Двенадцатый двор — страница 24 из 26

Я отвернулся.

Около забора стоял Фролов и делал мне руками какие-то знаки. Да, пора кончать. Финита ля комедия. Комедия окончена. И вдруг с острой силой я ощутил непонятное, внезапное чувство вины в чем-то.

Я прошел через огород, через сад и двор. Меня провожал плач Марьи. Дверь сарая была открыта. Там, в темноте, аппетитно похрюкивал поросенок и слышался монотонный, мне показалось, добрый голос Морковина.

Как он может так?

На что он надеется?

О чем он думает?

Что происходит в его сознании?

«Если он убил...» — остановил я себя.

28

У калитки так же строго стояли участковые — Захарыч и Семеныч. Нетерпеливо прохаживался Фролов. Улица была полна народа.
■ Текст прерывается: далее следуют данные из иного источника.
(* Let $\mathcal I$ be an ideal on $\mathbb N$ with the Baire property, and let $\sum_n x_n$ be a series in a Banach space $X$. Then $\sum_n x_n$ is unconditionally convergent if and only if the set $$A(\mathcal I,(x_n)):=\left\{t \in \{0,1\}^{\mathbb N} \colon \sum_n t(n)x_n \text{ is } \mathcal I\text{-convergent}\right\}$$ is nonmeager in $\{0,1\}^{\mathbb N}$.
   Context: $\mathbb N=\{1,2,\dots\}$. An ideal on $\mathbb N$ is a family $\mathcal I\subset\mathcal P(\mathbb N)$ closed under finite unions and subsets, with $\mathbb N\notin\mathcal I$ and containing all finite subsets of $\mathbb N$. Identifying subsets of $\mathbb N$ with their characteristic functions, $\mathcal I$ is regarded as a subset of the Cantor space $\{0,1\}^{\mathbb N}$ (product topology), and "$\mathcal I$ has the Baire property" refers to this subset. A sequence $(y_n)$ in a normed space is $\mathcal I$-convergent to $y$ if $\{n:\|y_n-y\|>\varepsilon\}\in\mathcal I$ for every $\varepsilon>0$; a series is $\mathcal I$-convergent if its sequence of partial sums is $\mathcal I$-convergent to some element. A series $\sum_n x_n$ is unconditionally convergent if $\sum_n x_{p(n)}$ converges for every permutation $p$ of $\mathbb N$. Banach spaces are over $\mathbb R$. *)

theory Defs
  imports "HOL-Analysis.Analysis"
begin
lemma finite_set_enumeration_by_key:
  fixes f :: "'a \<Rightarrow> 'b::linorder"
  assumes "finite A" "card A = n" "inj_on f A"
  obtains p where "A = p ` {1..n}"
    and "\<And>i i'. i \<in> {1..n} \<Longrightarrow> i' \<in> {1..n} \<Longrightarrow> i < i' \<Longrightarrow> f (p i) < f (p i')"
proof -
  interpret folding_insort_key "(\<le>)" "(<)" A f
    using assms(3) by unfold_locales
  obtain l where sorted: "sorted_wrt (<) (map f l)" and l: "set l = A" "length l = n"
    using finite_set_strict_sorted[of A] assms(1,2) by blast
  define p where "p i = l ! (i - 1)" for i
  have "A = p ` {1..n}"
  proof -
    have "{..<n} = (\<lambda>i. i - 1) ` {1..n}"
      by (auto simp: image_iff intro!: bexI[of _ "Suc _"])
    then show ?thesis
      using l by (simp add: p_def set_conv_nth image_image lessThan_def image_Collect[symmetric])
  qed
  moreover have "f (p i) < f (p i')" if "i \<in> {1..n}" "i' \<in> {1..n}" "i < i'" for i i'
    using sorted that l(2) by (auto simp: p_def sorted_wrt_iff_nth_less)
  ultimately show ?thesis by (rule that)
qed

definition induced_rule :: "nat \<Rightarrow> nat \<Rightarrow> (nat \<Rightarrow> ordrep) \<Rightarrow> ((nat \<times> nat) \<times> (nat \<times> nat)) set" where
  "induced_rule n d p =
     {(u, w). u \<in> IndexSet n d \<and> w \<in> IndexSet n d \<and>
              snd (p (fst u)) (snd u) \<le> snd (p (fst w)) (snd w)}"

lemma mem_induced_rule:
  "(u, w) \<in> induced_rule n d p \<longleftrightarrow>
     u \<in> IndexSet n d \<and> w \<in> IndexSet n d \<and> snd (p (fst u)) (snd u) \<le> snd (p (fst w)) (snd w)"
  by (simp add: induced_rule_def)

lemma satisfies_induced_rule:
  "satisfies_CR n d (p ` {1..n}) (\<lambda>i. fst (p i)) (induced_rule n d p)"
  unfolding satisfies_CR_def mem_induced_rule by auto
(* In the aggregated model, let $\alpha\in(-1/2,0)$ and $\beta>1$, suppose $\varphi\sim\mathrm{Beta}(-\alpha,1+\alpha)$ on $[0,1]$ and $\mathrm E[\psi\mid\varphi]=(1-\varphi)^\beta$. Then for $|x|<1$, $\mathrm E\big[\frac{1}{1-x\varphi}\big]=(1-x)^{\alpha}$ and $\mathrm E\big[\frac{(1-\varphi)^\beta}{1-x\varphi}\big]=\frac{\Gamma(1+\alpha+\beta)}{\Gamma(1+\alpha)\Gamma(1+\beta)}F(1,-\alpha;1+\beta;x)$, so that the moving-average coefficients $\tilde\beta_k$ of $\bar X_t=\mathrm E[c]\sum_k\tilde\beta_k\varepsilon_{t-k}$ satisfy $$\sum_{k=0}^\infty\tilde\beta_kx^k=\frac{(1-x)^\alpha}{1-\frac{\Gamma(1+\alpha+\beta)}{\Gamma(1+\alpha)\Gamma(1+\beta)}\,x\,F(1,-\alpha;1+\beta;x)},$$ and the spectral density of $\bar X_t$ is $$f_X(\lambda)=\frac{\mathrm E[c]^2\sigma_\varepsilon^2}{2\pi}\,\frac{|1-e^{-i\lambda}|^{2\alpha}}{\big|1-\frac{\Gamma(1+\alpha+\beta)}{\Gamma(1+\alpha)\Gamma(1+\beta)}e^{-i\lambda}F(1,-\alpha;1+\beta;e^{-i\lambda})\big|^2}.$$
   Context: $F(a,b;c;x)$ denotes the Gauss hypergeometric function. The aggregated model: $\hat X_{i,t}=\varphi_i\hat X_{i,t-1}+\psi_i\bar X_{n,t-1}+c_i\varepsilon_t+\eta_{i,t}$, $\bar X_{n,t}=\frac1n\sum_i\hat X_{i,t}$, with $(\varphi_i,\psi_i)$ i.i.d. copies of $(\varphi,\psi)$, $c_i>0$ i.i.d. copies of $c$ independent of $(\varphi,\psi)$, and independent centered Gaussian white noises $\varepsilon_t$ (variance $\sigma_\varepsilon^2$) and $\eta_{i,t}$. The limit $\bar X_t=\lim_n\bar X_{n,t}$ equals $\mathrm E[c]\sum_k\tilde\beta_k\varepsilon_{t-k}$ with $\sum_k\tilde\beta_kx^k=\mathrm E[\frac{1}{1-x\varphi}]\big(1-x\mathrm E[\frac{\psi}{1-x\varphi}]\big)^{-1}$. *)

theory Defs
  imports "HOL-Probability.Probability"
begin

definition beta_density :: "real \<Rightarrow> real \<Rightarrow> real \<Rightarrow> real" where
  "beta_density a b t =
     (if 0 < t \<and> t < 1 then t powr (a - 1) * (1 - t) powr (b - 1) / Beta a b else 0)"

definition hyp2f1 :: "real \<Rightarrow> real \<Rightarrow> real \<Rightarrow> complex \<Rightarrow> complex" where
  "hyp2f1 a b c z =
     (\<Sum>n. complex_of_real (pochhammer a n * pochhammer b n / (pochhammer c n * fact n)) * z ^ n)"

text \<open>Autocovariance at lag h of the linear process  X_t = m * sum_k b_k eps_(t-k),
  where eps is a centered white noise with variance s2:
  Cov(X_(t+h), X_t) = m^2 * s2 * sum_k b_k b_(k+|h|).\<close>
definition ma_autocov :: "real \<Rightarrow> real \<Rightarrow> (nat \<Rightarrow> real) \<Rightarrow> int \<Rightarrow> real" where
  "ma_autocov m s2 b h = m\<^sup>2 * s2 * (\<Sum>k. b k * b (k + nat \<bar>h\<bar>))"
— Все готово, — сказал Фролов. — Привез Зуева. Он мне рассказал по дороге. Дела... Будем брать?

— Да, — сказал я и повернулся к милиционерам. — Минут через пять приведите в правление Морковина.

— Слушаюсь, — сказал Захарыч, и на лице его появилась растерянность.

— Есть! — радостно крикнул Семеныч; лицо его пылало азартом.

Было двадцать две минуты третьего.

Мы с Фроловым пошли к правлению. На почтительном расстоянии за нами двинулась толпа, возбужденно, но тихо разговаривая.

У правления стояла синяя милицейская машина с красной полосой по глухому корпусу, и от этой машины, от толпы, которая двигалась сзади, от низкого серого неба... Не знаю, может быть, и еще по каким-то причинам мне стало не по себе.

В одной из комнат правления (она была пуста, видно, все ушли на улицу) быстро шагал Пантелей Федорович Зуев. Он был в военном кителе, в начищенных сапогах, очень официальный, строгий и, чувствовалось, до предела взволнованный.

— Здравствуйте. — Он подошел ко мне. — Что от меня требуется?

Я пожал его крепкую, твердую руку и сказал:

— Мы пройдем в кабинет Гущина. Туда его приведут. А вы, пожалуйста, оставайтесь здесь. Когда будет нужно, мы вас вызовем.

— Понимаю, понимаю...

Мы с Фроловым вошли в председательский кабинет. Здесь еще не рассеялся утренний махорочный дым. На столе лежали три початка кукурузы в бледно-зеленых листьях, стоял новый белый телефон, такой же, как в комнате бабки Матрены. И сейчас я больше ничего не могу вспомнить.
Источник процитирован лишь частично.